The reason you and your friend are parsing this differently is that, as a written sentence, its semantics and its grammar go against each other. There are three main factors to why this is so:
1. Syntax/semantics of press
Crucial to why this is so is the syntactic-semantic properties of the verb press, which can be:
- intransitive (“She pressed harder and the stubborn button finally gave way”)
- transitive (“She pressed her nose against the glass”)
- unaccusative(-ish) (“Her nose pressed against the glass”)
Unaccusative verbs are intransitive syntactically, but differ from normal intransitives in that the subject is not the agent, and the agent is normally left unspoken; they are thus semantically closer to the transitive constructions than the intransitive constructions. Thus, “She pressed her nose against the glass” and “Her nose pressed against the glass” mean more or less the same thing, despite the sentences having different syntactic structures.
2. Morphological coalescence
English does not distinguish the simple past tense from the passive participle in regular verbs—both are pressed in this case. That is known as morphological coalescence, when two functionally distinct forms are identical in appearance.
The simple past, being a tense, is used as the main verb in clauses; you can substitute it for the simple present press(es), the present perfect has/have pressed, etc.
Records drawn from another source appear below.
text \<open>
  The dagger is first built on the free algebra as the unique ring endomorphism that is semilinear
  for the dagger involution of the scalars and sends \<open>E\<^sub>i, F\<^sub>i, K\<^sub>\<nu>, J\<^sub>\<nu>\<close> to
  \<open>\<pi>\<^sub>i \<tilde>J\<^sub>i E\<^sub>i, F\<^sub>i, J\<^sub>\<nu> K\<^sub>\<nu>, J\<^sub>\<nu>\<close>. It maps every defining relation of \<open>U\<close> into the
  defining ideal: the \<open>\<tilde>J\<^sub>i\<close> commute with all generators modulo the relations because
  \<open>\<langle>\<tilde>i, j'\<rangle>\<close> is even; in the relation for \<open>E\<^sub>i F\<^sub>j\<close> the factor \<open>\<pi>\<^sub>i\<close> picked up by
  \<open>(\<pi>\<^sub>i v\<^sub>i - v\<^sub>i\<^sup>-\<^sup>1)\<^sup>\<dagger> = \<pi>\<^sub>i (\<pi>\<^sub>i v\<^sub>i - v\<^sub>i\<^sup>-\<^sup>1)\<close> matches the one carried by \<open>E\<^sub>i\<^sup>\<dagger>\<close>;
  and the quantum binomial coefficients of the Serre relations are dagger-fixed thanks to the
  parity conditions of the super Cartan datum. Hence it induces an endomorphism of \<open>U\<close>.
  Since \<open>J\<^sub>\<nu>\<^sup>2 = 1\<close>, it squares to the identity on generators, hence on all of \<open>U\<close>, so it is an
  automorphism.
\<close>

section \<open>The dagger involution of the scalars\<close>

definition negx :: "rat poly \<Rightarrow> rat poly" where "negx p = p \<circ>\<^sub>p [:0, -1:]"

lemma negx_negx [simp]: "negx (negx p) = p"
proof -
  have "[:0, -1:] \<circ>\<^sub>p [:0, -1::rat:] = [:0, 1:]"
    by (simp add: pcompose_pCons)
  then show ?thesis unfolding negx_def by (metis pcompose_assoc pcompose_idR)
qed

lemma negx_add [simp]: "negx (p + q) = negx p + negx q"
  and negx_mult [simp]: "negx (p * q) = negx p * negx q"
  and negx_uminus [simp]: "negx (- p) = - negx p"
  and negx_0 [simp]: "negx 0 = 0"
  and negx_1 [simp]: "negx 1 = 1"
  by (simp_all add: negx_def pcompose_add pcompose_mult pcompose_uminus pcompose_1)

lemma negx_eq_0_iff [simp]: "negx p = 0 \<longleftrightarrow> p = 0"
  by (metis negx_0 negx_negx)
The passive participle, being a participle, is not used as the main verb in a clause, but it is used in various types of absolute constructions, i.e., phrases with no main verbs embedded in sentences, known as participial phrases. One common type of participial phrase has the basic structure [possessive determiner] [possessee] [participle] [various other complements]
and denotes a state or action that applies to the subject of the main clause while the action in the main clause takes place; for example:
He walked down the corridor, his head held high.
She ran up the stairs, her voice ringing out loud and clear.
He slouched into the room, his hands stuffed firmly in his pockets.
3. Punctuation
Distinct main clauses are generally separated by conjunctions, semicolons, or full stops (or exclamation marks, etc.) in English. Commas are used to bound off various types of subordinate clauses and often also absolute constructions, but should not, according to traditional rules of punctuation, be used to separate main clauses; doing so is what’s known as a comma splice.
Putting it together
The logical semantic properties of the passage in question here make it likely that the intended course of events is that ‘she’ (whoever she is) first ran towards the display and then, when she got there, pressed her nose to the glass. The punctuation (a simple comma with no conjunction), however, leads us to want to interpret the whole thing as one sentence, rather than two.
In many cases, this does not really create that much of a problem, because in many cases it’s simply not possible to interpret something as a single sentence. For example:
She ran towards the display, I pressed my nose against the glass
This is a comma splice, but it’s still quite unambiguous—there are two separate subjects and two separate main verbs, both with distinct further complements (“towards the display” in the first, “my nose” and “against the glass” in the second), so there must be two main clauses. There is no possible way to interpret either as some type of subordinate element of the other.
This is not the case with your sentence, though: “She ran towards the display” is a main clause, no doubt about it; but “her nose pressed against the glass” is syntactically ambiguous.
Because the simple past and the passive participle are identical and because press is one of those verbs that can be either transitive or unaccusative(-ish), two different interpretations are, on the face of it, equally valid:
- Active unaccusative clause: her nose pressed against the window = her nose was pressing up against the window
- Passive participial phrase: her nose pressed against the window = her nose being pressed up against the window [by her]
The former of these is a main clause; the latter a subordinate phrase. The former does not indicate any particular temporal relationship between itself and the preceding main clause (it can be simultaneous, or it can be sequential—depends on the context); the latter specifically encodes taking place simultaneously with the preceding main clause.
Now you see the problem with the latter half of the statement:
The comma and lack of conjunction leads us to read it as a subordinate phrase, which reading entails simultaneity; but the logic of the statement as a whole leans heavily towards sequentiality, which requires a main clause reading.
Conflict ensues, and you end up having to choose one or the other as a suboptimal compromise: you either let syntax and punctuation win (well-formed sentence, but doesn’t make sense), or you let semantics win (makes sense, but ill-formed sentence). You and your friend just chose different compromises.